Well, good luck with that, most Israelis would respond, though they may be projecting their own perpetual “state of emergency” rather than objectively assessing America’s.
For some reason, it is hard for us Middle Easterners to accept the premise that Al-Qaida or its malevolent wannabes around the globe have given up on trying to recreate their hour of glory when a well-coordinated terror attack humiliated America and almost brought it to its knees.
It would be a diabolically dialectical and ironic twist of history if the massive anti-terror efforts instituted after 9/11 would become a victim of their own success - if the relative security that they have achieved would lull Americans into believing that they are no longer necessary.
One can safely assume, after all, that if 30 or 300 people had been killed in the Boston Marathon bombing in March, or if the Tsarnaev brothers had been directly linked to Al-Qaida, this whole debate would not be occurring now.
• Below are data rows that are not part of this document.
(* Let $K$ be a fractal gasket generated by $\{\varphi_j(z)=r_j(z+d_j)\}_{j=1}^N$, let $r_*=\min_j r_j$, $r^*=\max_j r_j$, $s=\sqrt{\log r^*/\log r_*}$ and $\xi=(r_* )^s$. Then the map $[\mathbf x]\mapsto\pi(\mathbf x)$ from $(\mathcal A_{M_K},\tilde\rho_{M_K,\xi})$ to $K$ (with the Euclidean metric) is a bi-Hölder map with index $s$: it is a bijection and there is $C>0$ with $C^{-1}\tilde\rho_{M_K,\xi}(a,b)^{1/s}\le|\pi(a)-\pi(b)|\le C\,\tilde\rho_{M_K,\xi}(a,b)^s$ for all $a,b\in\mathcal A_{M_K}$.
   Context: Let $\Delta\subset\mathbb R^2$ be the triangle with vertices $\omega_\alpha=(0,0)$, $\omega_\beta=(1,0)$, $\omega_\gamma=(1/2,\sqrt3/2)$. A fractal gasket is the attractor $K$ (nonempty compact with $K=\bigcup_j\varphi_j(K)$) of $\{\varphi_j(z)=r_j(z+d_j)\}_{j=1}^N$, $r_j\in(0,1)$, $d_j\in\mathbb R^2$, such that $\bigcup_j\varphi_j(\Delta)\subset\Delta$ and for $i\ne j$, $\varphi_i(\Delta)\cap\varphi_j(\Delta)$ consists only of common vertices. Let $\Sigma=\{1,\dots,N\}$. Set $\alpha=-1$ if $(0,0)\notin K$, otherwise $\alpha$ is the index with $\varphi_\alpha((0,0))=(0,0)$; similarly $\beta=-2$ or $\varphi_\beta$ fixes $(1,0)$; $\gamma=-3$ or $\varphi_\gamma$ fixes $\omega_\gamma$. The coding map $\pi:\Sigma^\infty\to K$ is $\{\pi(\mathbf x)\}=\bigcap_{i\ge1}\varphi_{x_1}\circ\cdots\circ\varphi_{x_i}(K)$. $\Sigma$-automaton, itinerary, surviving time: a $\Sigma$-automaton has states $Q_0\cup\{Id,Exit\}$, input alphabet $\Sigma^2$, initial state $Id$, transition $\delta$ with $\delta(Id,(i,j))=Id$ iff $i=j$; itinerary $S_0=Id$, $S_k=\delta(S_{k-1},(x_k,y_k))$ stopped at $Exit$; $T_M(\mathbf x,\mathbf y)$ = largest $k$ with $S_k\ne Exit$ (possibly $\infty$); $\rho_{M,\xi}=\xi^{T_M}$ ($\xi^\infty=0$). Triangle automaton: states $S_{uv}$ ($u\neq v\in\{\alpha,\beta,\gamma\}$) plus $Id,Exit$; $\delta(Id,(i,j))=S_{uv}\Rightarrow\delta(Id,(j,i))=S_{vu}$; $\delta(S_{uv},(i,j))=S_{uv}$ if $(i,j)=(v,u)$, else $Exit$. The topology automaton $M_K$ is the triangle automaton with, for $i\neq j$: $\delta(Id,(i,j))=S_{uv}$ if $u,v\in\Sigma$ and $\varphi_i(\omega_v)=\varphi_j(\omega_u)$, and $\delta(Id,(i,j))=Exit$ if $\varphi_i(K)\cap\varphi_j(K)=\emptyset$. With $\mathbf x\sim\mathbf y$ iff $\rho_{M_K,\xi}(\mathbf x,\mathbf y)=0$, $\mathcal A_{M_K}=\Sigma^\infty/\sim$ and $\tilde\rho_{M_K,\xi}([\mathbf x],[\mathbf y])=\inf\{\rho_{M_K,\xi}(\mathbf a,\mathbf b):\mathbf a\in[\mathbf x],\mathbf b\in[\mathbf y]\}$. *)

theory Defs
  imports "HOL-Analysis.Analysis" "HOL-Library.Extended_Nat"
begin

text \<open>Points of the plane are represented as complex numbers.
  Vertices of the triangle are labelled 0 (alpha), 1 (beta), 2 (gamma).\<close>

definition omega :: "nat \<Rightarrow> complex" where
  "omega v = (if v = 0 then 0 else if v = 1 then 1 else Complex (1/2) (sqrt 3 / 2))"

definition triangle :: "complex set" where
  "triangle = convex hull {omega 0, omega 1, omega 2}"

definition phi :: "(nat \<Rightarrow> real) \<Rightarrow> (nat \<Rightarrow> complex) \<Rightarrow> nat \<Rightarrow> complex \<Rightarrow> complex" where
  "phi r d j z = complex_of_real (r j) * (z + d j)"

definition fractal_gasket ::
  "nat \<Rightarrow> (nat \<Rightarrow> real) \<Rightarrow> (nat \<Rightarrow> complex) \<Rightarrow> complex set \<Rightarrow> bool" where
  "fractal_gasket N r d K \<longleftrightarrow>
     (\<forall>j\<in>{1..N}. 0 < r j \<and> r j < 1) \<and>
     (\<forall>j\<in>{1..N}. phi r d j ` triangle \<subseteq> triangle) \<and>
     (\<forall>i\<in>{1..N}. \<forall>j\<in>{1..N}. i \<noteq> j \<longrightarrow>
        phi r d i ` triangle \<inter> phi r d j ` triangle
          \<subseteq> phi r d i ` {omega 0, omega 1, omega 2} \<inter> phi r d j ` {omega 0, omega 1, omega 2}) \<and>
     compact K \<and> K \<noteq> {} \<and> K = (\<Union>j\<in>{1..N}. phi r d j ` K)"

text \<open>Sigma^infinity: infinite words, 0-indexed (x 0 is the first letter x_1).\<close>
definition words :: "nat \<Rightarrow> (nat \<Rightarrow> nat) set" where
  "words N = {x. \<forall>k. x k \<in> {1..N}}"

primrec cylmap :: "(nat \<Rightarrow> real) \<Rightarrow> (nat \<Rightarrow> complex) \<Rightarrow> (nat \<Rightarrow> nat) \<Rightarrow> nat \<Rightarrow> complex \<Rightarrow> complex" where
  "cylmap r d x 0 = id"
| "cylmap r d x (Suc n) = cylmap r d x n \<circ> phi r d (x n)"

definition coding :: "(nat \<Rightarrow> real) \<Rightarrow> (nat \<Rightarrow> complex) \<Rightarrow> complex set \<Rightarrow> (nat \<Rightarrow> nat) \<Rightarrow> complex" where
  "coding r d K x = (THE p. (\<Inter>i\<in>{1..}. cylmap r d x i ` K) = {p})"

text \<open>Letters alpha, beta, gamma (as integers): -(v+1) if omega v is not in K,
  otherwise the index j with phi_j(omega v) = omega v.\<close>
definition letter :: "nat \<Rightarrow> (nat \<Rightarrow> real) \<Rightarrow> (nat \<Rightarrow> complex) \<Rightarrow> complex set \<Rightarrow> nat \<Rightarrow> int" where
  "letter N r d K v = (if omega v \<notin> K then - int (v + 1)
      else int (THE j. j \<in> {1..N} \<and> phi r d j (omega v) = omega v))"

datatype state = Id | S nat nat | Exit
  (* S a b stands for S_{uv} with u = letter of vertex a, v = letter of vertex b *)

definition delta :: "nat \<Rightarrow> (nat \<Rightarrow> real) \<Rightarrow> (nat \<Rightarrow> complex) \<Rightarrow> complex set
    \<Rightarrow> state \<Rightarrow> nat \<times> nat \<Rightarrow> state" where
  "delta N r d K q ij = (case ij of (i, j) \<Rightarrow>
     (case q of
        Id \<Rightarrow>
          (if i = j then Id
           else if (\<exists>a b. a \<in> {0,1,2} \<and> b \<in> {0,1,2} \<and> a \<noteq> b \<and>
                     letter N r d K a \<in> int ` {1..N} \<and> letter N r d K b \<in> int ` {1..N} \<and>
                     phi r d i (omega b) = phi r d j (omega a))
           then (case (SOME (a, b). a \<in> {0,1,2} \<and> b \<in> {0,1,2} \<and> a \<noteq> b \<and>
                     letter N r d K a \<in> int ` {1..N} \<and> letter N r d K b \<in> int ` {1..N} \<and>
                     phi r d i (omega b) = phi r d j (omega a)) of (a, b) \<Rightarrow> S a b)
           else Exit)
      | S a b \<Rightarrow>
          (if int i = letter N r d K b \<and> int j = letter N r d K a then S a b else Exit)
      | Exit \<Rightarrow> Exit))"

primrec itin :: "nat \<Rightarrow> (nat \<Rightarrow> real) \<Rightarrow> (nat \<Rightarrow> complex) \<Rightarrow> complex set
    \<Rightarrow> (nat \<Rightarrow> nat) \<Rightarrow> (nat \<Rightarrow> nat) \<Rightarrow> nat \<Rightarrow> state" where
  "itin N r d K x y 0 = Id"
| "itin N r d K x y (Suc k) =
     (if itin N r d K x y k = Exit then Exit else delta N r d K (itin N r d K x y k) (x k, y k))"

definition surv_time :: "nat \<Rightarrow> (nat \<Rightarrow> real) \<Rightarrow> (nat \<Rightarrow> complex) \<Rightarrow> complex set
    \<Rightarrow> (nat \<Rightarrow> nat) \<Rightarrow> (nat \<Rightarrow> nat) \<Rightarrow> enat" where
  "surv_time N r d K x y = Sup (enat ` {k. itin N r d K x y k \<noteq> Exit})"

definition rho :: "nat \<Rightarrow> (nat \<Rightarrow> real) \<Rightarrow> (nat \<Rightarrow> complex) \<Rightarrow> complex set \<Rightarrow> real
    \<Rightarrow> (nat \<Rightarrow> nat) \<Rightarrow> (nat \<Rightarrow> nat) \<Rightarrow> real" where
  "rho N r d K \<xi> x y = (case surv_time N r d K x y of enat n \<Rightarrow> \<xi> ^ n | \<infinity> \<Rightarrow> 0)"

definition eqclass :: "nat \<Rightarrow> (nat \<Rightarrow> real) \<Rightarrow> (nat \<Rightarrow> complex) \<Rightarrow> complex set \<Rightarrow> real
    \<Rightarrow> (nat \<Rightarrow> nat) \<Rightarrow> (nat \<Rightarrow> nat) set" where
  "eqclass N r d K \<xi> x = {y \<in> words N. rho N r d K \<xi> x y = 0}"

definition quot :: "nat \<Rightarrow> (nat \<Rightarrow> real) \<Rightarrow> (nat \<Rightarrow> complex) \<Rightarrow> complex set \<Rightarrow> real
    \<Rightarrow> (nat \<Rightarrow> nat) set set" where
  "quot N r d K \<xi> = eqclass N r d K \<xi> ` words N"

definition rho_tilde :: "nat \<Rightarrow> (nat \<Rightarrow> real) \<Rightarrow> (nat \<Rightarrow> complex) \<Rightarrow> complex set \<Rightarrow> real
    \<Rightarrow> (nat \<Rightarrow> nat) set \<Rightarrow> (nat \<Rightarrow> nat) set \<Rightarrow> real" where
  "rho_tilde N r d K \<xi> X Y = Inf {rho N r d K \<xi> a b | a b. a \<in> X \<and> b \<in> Y}"

end

theory Submission
  imports Defs
begin

text \<open>
  Along two codings x and y the topology automaton stays in Id while x and y agree, and in a
  state S a b while the level-n cylinders of x and y touch at a vertex fixed by all further
  letters of both words. As long as it survives, the two points lie in two touching cylinders of
  diameter at most rmax^n diam K. When it exits after step n, the two level-(n+1) cells are
  either disjoint, hence a fixed gap times rmin^n apart, or one of them leaves the shared
  vertex; then the barycentric coordinate of that vertex separates the two points by a fixed
  multiple of rmin^n. Since xi = rmin^s and rmax = rmin^(s^2), these bounds are powers s and
  1/s of rho = xi^n. In particular two codings give the same point iff the automaton never
  exits, so the coding map descends to a bijection from the quotient onto K.
\<close>

lemma exists_pow_mult_less:
  fixes q D e :: real
  assumes "0 \<le> q" "q < 1" "0 \<le> D" "0 < e"
  shows "\<exists>n. q ^ n * D < e"
proof -
  obtain n where n: "q ^ n < e / (D + 1)"
    using real_arch_pow_inv[of "e / (D + 1)" q] assms by fastforce
  have "q ^ n * D \<le> q ^ n * (D + 1)"
    using assms by (intro mult_left_mono) auto
  also have "\<dots> < e"
    using n assms by (simp add: pos_less_divide_eq)
  finally show ?thesis ..
qed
The Guardian’s big scoop would have been buried under the banner headlines calling for tighter security measures, people’s privacy be damned.
It’s also not clear to me how it is all right for mega credit card conglomerates or Internet behemoths such as Facebook or Google to follow, record, analyze, memorize and then sell every click you make on your computer for crass commercial reasons, but when the U.S. government does far less for reasons that no one has yet to show are meant for anything but your own protection – it turns into the biggest scandal to ever hit anyone, anywhere, anytime.
And while politics often make strange bedfellows, the coalition that is howling against the spying outrages is truly a bizarre sight to behold. You have true protectors of the right to privacy and genuine guardians of the bill of rights, all of whom are honorable and admirable men (and women) - mixing with people who can hardly conceal their disdain for anything American and who believe that in response to terror, the Federal government should just roll over and play dead.
Then you’ve got protesters from the other end of the political spectrum who trust no government and want to dismantle it no matter what, cheered on, in a truly macabre twist, by the real targets of the surveillance programs. “News of Surveillance Draws Anger of Activists and Militants Abroad”, the New York Times reported on Saturday, with one “tribal commander” describing monitored Internet discussions as “Zionist creations to pave the way for a new world order and to keep an eye on people around the world.” And just when we were sure we’d gotten away with it.
So, at the risk of being disowned by the leftist-liberal milieu that I like to consider myself a part of, I am going to sit this one out. It’s one thing to claim that the NSA’s far reaching surveillance and monitoring programs require greater civilian supervision, Congressional oversight, judicial review or even significant restraint.
But it’s quite another to stipulate that the time has come to relegate America’s national security to the back burner, to place the right to privacy on an unassailable pedestal and to deduce that NSA should not be engaged in “metadata mining”, as the catchphrase now goes, and that it should restrict itself – to what? Attaching copper wires to the switchboard at SMERSH headquarters? Deciphering Ilya Kuriyakin’s coded notes? Listening in on Nicholas Brody’s conversations with the ghost of Abu Nazir?